# greggs...



## stuarTTdi (Mar 18, 2013)

A mancunian and a scouser go into Greggs the baker's.

The scouser nicks 3 pies and puts them in his pockets.. When they both get outside he starts bragging..
"did you see that?" "The staff never saw a thing!!"

The mancunian says.. "Thats fook all mate,stay here and watch this!"

So the mancunian goes back into Greggs and says to the manager.. "Gimme 3 pies and ill show you some magic!" He eats the 3 pies right in front of the manager.

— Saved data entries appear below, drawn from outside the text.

lemma (in group) AUT_d_conj:
  assumes \<phi>: "\<phi> \<in> auto G" and a: "a \<in> carrier G"
  shows "AUT_d G (\<phi> a) = \<phi> \<otimes>\<^bsub>AutoGroup G\<^esub> AUT_d G a \<otimes>\<^bsub>AutoGroup G\<^esub> inv\<^bsub>AutoGroup G\<^esub> \<phi>"
proof -
  interpret A: group "AutoGroup G" by (rule AutoGroup)
  interpret \<phi>: group_hom G G \<phi> using \<phi> by unfold_locales (simp add: auto_def)
  have bij: "bij_betw \<phi> (carrier G) (carrier G)" using \<phi> by (simp add: auto_def Bij_def)
  have inv\<phi>: "inv\<^bsub>AutoGroup G\<^esub> \<phi> \<in> auto G" using \<phi> by (simp flip: carrier_AutoGroup)
  have da: "AUT_d G a \<in> auto G" using a by (rule AUT_d_auto)
  have "AUT_d G (\<phi> a) h = compose (carrier G) (compose (carrier G) \<phi> (AUT_d G a)) (inv\<^bsub>AutoGroup G\<^esub> \<phi>) h"
    if h: "h \<in> carrier G" for h
  proof -
    have h': "inv_into (carrier G) \<phi> h \<in> carrier G" and \<phi>h: "\<phi> (inv_into (carrier G) \<phi> h) = h"
      using bij h by (auto simp: bij_betw_def inv_into_into f_inv_into_f)
    show ?thesis using h h' \<phi>h a by (simp add: compose_def inv_AutoGroup \<phi> AUT_d_def)
  qed
  moreover have "\<phi> \<otimes>\<^bsub>AutoGroup G\<^esub> AUT_d G a \<in> auto G"
    using \<phi> da A.m_closed by (simp add: carrier_AutoGroup)
  ultimately show ?thesis
    by (simp only: mult_AutoGroup[OF _ inv\<phi>] mult_AutoGroup[OF \<phi> da])
       (intro extensionalityI[OF _ compose_extensional], simp_all add: AUT_d_def)
qed

lemma (in group) crossed_module_AUT: "crossed_module G (AutoGroup G) (AUT_d G) AUT_act"
  unfolding crossed_module_def
proof (intro conjI ballI)
  interpret A: group "AutoGroup G" by (rule AutoGroup)
  show "group G" "group (AutoGroup G)" "AUT_d G \<in> hom G (AutoGroup G)"
    by (rule is_group, rule A.is_group, rule AUT_d_hom)
  show "(\<lambda>a\<in>carrier G. AUT_act \<phi> a) \<in> auto G" if "\<phi> \<in> carrier (AutoGroup G)" for \<phi>
    using that by (simp add: AUT_act_def extensional_restrict carrier_AutoGroup auto_def Bij_def)
  show "AUT_act (\<phi> \<otimes>\<^bsub>AutoGroup G\<^esub> \<psi>) a = AUT_act \<phi> (AUT_act \<psi> a)"
    if "\<phi> \<in> carrier (AutoGroup G)" "\<psi> \<in> carrier (AutoGroup G)" "a \<in> carrier G" for \<phi> \<psi> a
    using that by (simp add: AUT_act_def carrier_AutoGroup mult_AutoGroup compose_def)
  show "AUT_d G (AUT_act \<phi> a) = \<phi> \<otimes>\<^bsub>AutoGroup G\<^esub> AUT_d G a \<otimes>\<^bsub>AutoGroup G\<^esub> inv\<^bsub>AutoGroup G\<^esub> \<phi>"
    if "\<phi> \<in> carrier (AutoGroup G)" "a \<in> carrier G" for \<phi> a
    using that by (simp add: AUT_act_def carrier_AutoGroup AUT_d_conj)
  show "AUT_act \<one>\<^bsub>AutoGroup G\<^esub> a = a" if "a \<in> carrier G" for a
    using that by (simp add: AUT_act_def one_AutoGroup)
  show "AUT_act (AUT_d G b) a = b \<otimes> a \<otimes> inv b" if "a \<in> carrier G" "b \<in> carrier G" for a b
    using that by (simp add: AUT_act_def AUT_d_def)
qed

lemma (in group) AUT_d_in_carrier: "g \<in> carrier G \<Longrightarrow> AUT_d G g \<in> carrier (AutoGroup G)"
  by (simp add: carrier_AutoGroup AUT_d_auto)

lemma group_of_mult_preserving_bij:
  assumes G: "group G"
    and closed: "\<And>x y. x \<in> carrier M \<Longrightarrow> y \<in> carrier M \<Longrightarrow> x \<otimes>\<^bsub>M\<^esub> y \<in> carrier M"
    and one_closed: "\<one>\<^bsub>M\<^esub> \<in> carrier M"
    and bij: "bij_betw h (carrier M) (carrier G)"
    and h_mult: "\<And>x y. x \<in> carrier M \<Longrightarrow> y \<in> carrier M \<Longrightarrow> h (x \<otimes>\<^bsub>M\<^esub> y) = h x \<otimes>\<^bsub>G\<^esub> h y"
    and h_one: "h \<one>\<^bsub>M\<^esub> = \<one>\<^bsub>G\<^esub>"
  shows "group M"
proof -
  interpret G: group G by (rule G)
  have inj: "inj_on h (carrier M)" and surj: "h ` carrier M = carrier G"
    using bij by (auto simp: bij_betw_def)
  have h_closed: "h x \<in> carrier G" if "x \<in> carrier M" for x
    using surj that by blast
  show ?thesis
  proof (rule groupI[OF closed one_closed])
    fix x y z assume "x \<in> carrier M" "y \<in> carrier M" "z \<in> carrier M"
    then show "x \<otimes>\<^bsub>M\<^esub> y \<otimes>\<^bsub>M\<^esub> z = x \<otimes>\<^bsub>M\<^esub> (y \<otimes>\<^bsub>M\<^esub> z)"
      by (intro inj_onD[OF inj]) (simp_all add: closed h_mult h_closed G.m_assoc)
  next
    fix x assume x: "x \<in> carrier M"
    then show "\<one>\<^bsub>M\<^esub> \<otimes>\<^bsub>M\<^esub> x = x"
      by (intro inj_onD[OF inj]) (simp_all add: closed one_closed h_mult h_one h_closed)
    obtain y where y: "y \<in> carrier M" "h y = inv\<^bsub>G\<^esub> h x"
      using surj G.inv_closed[OF h_closed[OF x]] by (metis imageE)
    have "y \<otimes>\<^bsub>M\<^esub> x = \<one>\<^bsub>M\<^esub>"
      by (rule inj_onD[OF inj]) (simp_all add: x y closed one_closed h_mult h_one h_closed)
    with y show "\<exists>y\<in>carrier M. y \<otimes>\<^bsub>M\<^esub> x = \<one>\<^bsub>M\<^esub>" by blast
  qed
qed

section \<open>The dihedral group D4\<close>

lemma less_4_iff: "(n::nat) < 4 \<longleftrightarrow> n \<in> {0,1,2,3}"
  by auto

lemma carrier_D4: "carrier D4 = {(0,0),(0,1),(1,0),(1,1),(2,0),(2,1),(3,0),(3,1)}"
  by (auto simp: D4_def)

lemma mem_carrier_D4 [simp]: "x \<in> carrier D4 \<longleftrightarrow> fst x < 4 \<and> snd x < 2"
  by (cases x) (auto simp: D4_def)

lemma D4_mult [simp]:
  "(k1, s1) \<otimes>\<^bsub>D4\<^esub> (k2, s2) = ((k1 + (if s1 = 0 then k2 else 4 - k2)) mod 4, (s1 + s2) mod 2)"
  by (simp add: D4_def)

lemma D4_one [simp]: "\<one>\<^bsub>D4\<^esub> = (0, 0)"
  by (simp add: D4_def)

lemma ball_D4:
  "(\<forall>x\<in>carrier D4. P x) \<longleftrightarrow>
     P (0,0) \<and> P (0,1) \<and> P (1,0) \<and> P (1,1) \<and> P (2,0) \<and> P (2,1) \<and> P (3,0) \<and> P (3,1)"
  unfolding carrier_D4 by simp

lemma group_D4: "group D4"
proof (rule groupI)
  have "\<forall>x\<in>carrier D4. \<forall>y\<in>carrier D4. \<forall>z\<in>carrier D4. x \<otimes>\<^bsub>D4\<^esub> y \<otimes>\<^bsub>D4\<^esub> z = x \<otimes>\<^bsub>D4\<^esub> (y \<otimes>\<^bsub>D4\<^esub> z)"
    unfolding ball_D4 by simp
  then show "x \<otimes>\<^bsub>D4\<^esub> y \<otimes>\<^bsub>D4\<^esub> z = x \<otimes>\<^bsub>D4\<^esub> (y \<otimes>\<^bsub>D4\<^esub> z)"
    if "x \<in> carrier D4" "y \<in> carrier D4" "z \<in> carrier D4" for x y z
    using that by blast
  have "\<forall>x\<in>carrier D4. \<exists>y\<in>carrier D4. y \<otimes>\<^bsub>D4\<^esub> x = \<one>\<^bsub>D4\<^esub>"
    unfolding ball_D4 by (simp add: carrier_D4)
  then show "\<exists>y\<in>carrier D4. y \<otimes>\<^bsub>D4\<^esub> x = \<one>\<^bsub>D4\<^esub>" if "x \<in> carrier D4" for x
    using that by blast
qed (auto simp: D4_def)

lemma D4_inv:
  "x \<in> carrier D4 \<Longrightarrow> inv\<^bsub>D4\<^esub> x = (if snd x = 0 then (4 - fst x) mod 4 else fst x, snd x)"
proof -
  have "\<forall>x\<in>carrier D4. inv\<^bsub>D4\<^esub> x = (if snd x = 0 then (4 - fst x) mod 4 else fst x, snd x)"
    unfolding ball_D4 by (simp add: group.inv_equality[OF group_D4])
  then show "x \<in> carrier D4 \<Longrightarrow> ?thesis" by blast
qed

lemma D4_a_pow: "D4_a [^]\<^bsub>D4\<^esub> (n::nat) = (n mod 4, 0)"
  by (induction n) (simp_all add: D4_a_def mod_Suc_eq)

lemma D4_b_pow: "D4_b [^]\<^bsub>D4\<^esub> (n::nat) = (0, n mod 2)"
  by (induction n) (simp_all add: D4_b_def mod_Suc_eq)

lemma D4_normal_form: "x \<in> carrier D4 \<Longrightarrow> x = D4_a [^]\<^bsub>D4\<^esub> fst x \<otimes>\<^bsub>D4\<^esub> D4_b [^]\<^bsub>D4\<^esub> snd x"
  by (cases x) (simp add: D4_a_pow D4_b_pow)

lemma D4_relations:
  "D4_a [^]\<^bsub>D4\<^esub> (4::nat) = \<one>\<^bsub>D4\<^esub>" "D4_b [^]\<^bsub>D4\<^esub> (2::nat) = \<one>\<^bsub>D4\<^esub>"
  "D4_b \<otimes>\<^bsub>D4\<^esub> D4_a \<otimes>\<^bsub>D4\<^esub> D4_b = D4_a [^]\<^bsub>D4\<^esub> (3::nat)"
  by (simp_all add: D4_a_pow D4_b_pow) (simp add: D4_a_def D4_b_def)

section \<open>Automorphisms of D4\<close>

definition D4_aut :: "nat \<Rightarrow> nat \<Rightarrow> nat \<times> nat \<Rightarrow> nat \<times> nat" where
  "D4_aut u j = (\<lambda>p\<in>carrier D4. ((u * fst p + snd p * j) mod 4, snd p))"

lemma D4_aut_apply [simp]: "k < 4 \<Longrightarrow> s < 2 \<Longrightarrow> D4_aut u j (k, s) = ((u * k + s * j) mod 4, s)"
  by (simp add: D4_aut_def)

lemma D4_aut_extensional: "D4_aut u j \<in> extensional (carrier D4)"
  by (simp add: D4_aut_def)

lemma D4_aut_eq_iff [simp]: "D4_aut u j = D4_aut u' j' \<longleftrightarrow> u mod 4 = u' mod 4 \<and> j mod 4 = j' mod 4"
proof
  assume "D4_aut u j = D4_aut u' j'"
  then have "D4_aut u j (1,0) = D4_aut u' j' (1,0)" "D4_aut u j (0,1) = D4_aut u' j' (0,1)"
    by simp_all
  then show "u mod 4 = u' mod 4 \<and> j mod 4 = j' mod 4" by simp
next
  assume "u mod 4 = u' mod 4 \<and> j mod 4 = j' mod 4"
  then show "D4_aut u j = D4_aut u' j'"
    unfolding D4_aut_def by (intro restrict_ext) (metis mod_add_cong mod_mult_cong)
qed

lemma compose_D4_aut:
  "compose (carrier D4) (D4_aut u1 j1) (D4_aut u2 j2) = D4_aut (u1 * u2 mod 4) ((u1 * j2 + j1) mod 4)"
proof (rule extensionalityI[OF compose_extensional D4_aut_extensional])
  fix p assume "p \<in> carrier D4"
  then obtain k s where p: "p = (k, s)" "k < 4" "s < 2" by (cases p) simp
  have "(u1 * ((u2 * k + s * j2) mod 4) + s * j1) mod 4 = (u1 * (u2 * k + s * j2) + s * j1) mod 4"
    by (intro mod_add_cong mod_mult_cong) simp_all
  also have "\<dots> = (u1 * u2 * k + s * (u1 * j2 + j1)) mod 4"
    by (simp add: algebra_simps)
  also have "\<dots> = (u1 * u2 mod 4 * k + s * ((u1 * j2 + j1) mod 4)) mod 4"
    by (intro mod_add_cong mod_mult_cong) simp_all
  finally show "compose (carrier D4) (D4_aut u1 j1) (D4_aut u2 j2) p
      = D4_aut (u1 * u2 mod 4) ((u1 * j2 + j1) mod 4) p"
    using p by (simp add: compose_def)
qed

lemma D4_aut_1_0: "x \<in> carrier D4 \<Longrightarrow> D4_aut 1 0 x = x"
  by (cases x) simp

lemma D4_aut_inverse:
  assumes "u \<in> {1,3}" "x \<in> carrier D4"
  shows "D4_aut u (3 * u * j mod 4) (D4_aut u j x) = x" "D4_aut u j (D4_aut u (3 * u * j mod 4) x) = x"
proof -
  have "(u * (3 * u * j mod 4) + j) mod 4 = (u * (3 * u * j) + j) mod 4"
    by (intro mod_add_cong mod_mult_cong) simp_all
  also have "\<dots> = 0" using assms(1) by (auto simp: algebra_simps)
  finally have "D4_aut u j (D4_aut u (3 * u * j mod 4) x) = D4_aut 1 0 x"
    using compose_D4_aut[of u j u "3 * u * j mod 4"] assms
    by (auto simp: compose_def dest: fun_cong[where x = x])
  moreover have "D4_aut u (3 * u * j mod 4) (D4_aut u j x) = D4_aut 1 0 x"
    using compose_D4_aut[of u "3 * u * j mod 4" u j] assms
    by (auto simp: compose_def mod_simps dest: fun_cong[where x = x])
  ultimately show "D4_aut u (3 * u * j mod 4) (D4_aut u j x) = x" "D4_aut u j (D4_aut u (3 * u * j mod 4) x) = x"
    by (simp_all only: D4_aut_1_0[OF assms(2)])
qed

The manager confused says.. "SO where is the magic in that?

The mancunian replies...

"Now go and check that scouser pockets!!"


----------



## YELLOW_TT (Feb 25, 2004)

:lol: :lol:


----------



## j8keith (Jun 26, 2009)

Very good :lol: :lol: :lol:


----------



## DevonTT225 (Oct 15, 2013)

:lol: :lol:


----------



## fiftyish (Oct 6, 2010)

:lol: :lol:


----------



## conlechi (May 6, 2006)

:lol: :lol:


----------



## Dotti (Mar 9, 2003)

:lol: :lol:


----------



## S3 Power (Nov 16, 2013)

HA!


----------



## geordie12 (Jan 31, 2014)

:lol: :lol:


----------



## alexi7 (Aug 30, 2011)

:lol: :lol:


----------



## bigdodge (Apr 22, 2012)

:lol: :lol:


----------



## YoungOldUn (Apr 12, 2011)

:lol:


----------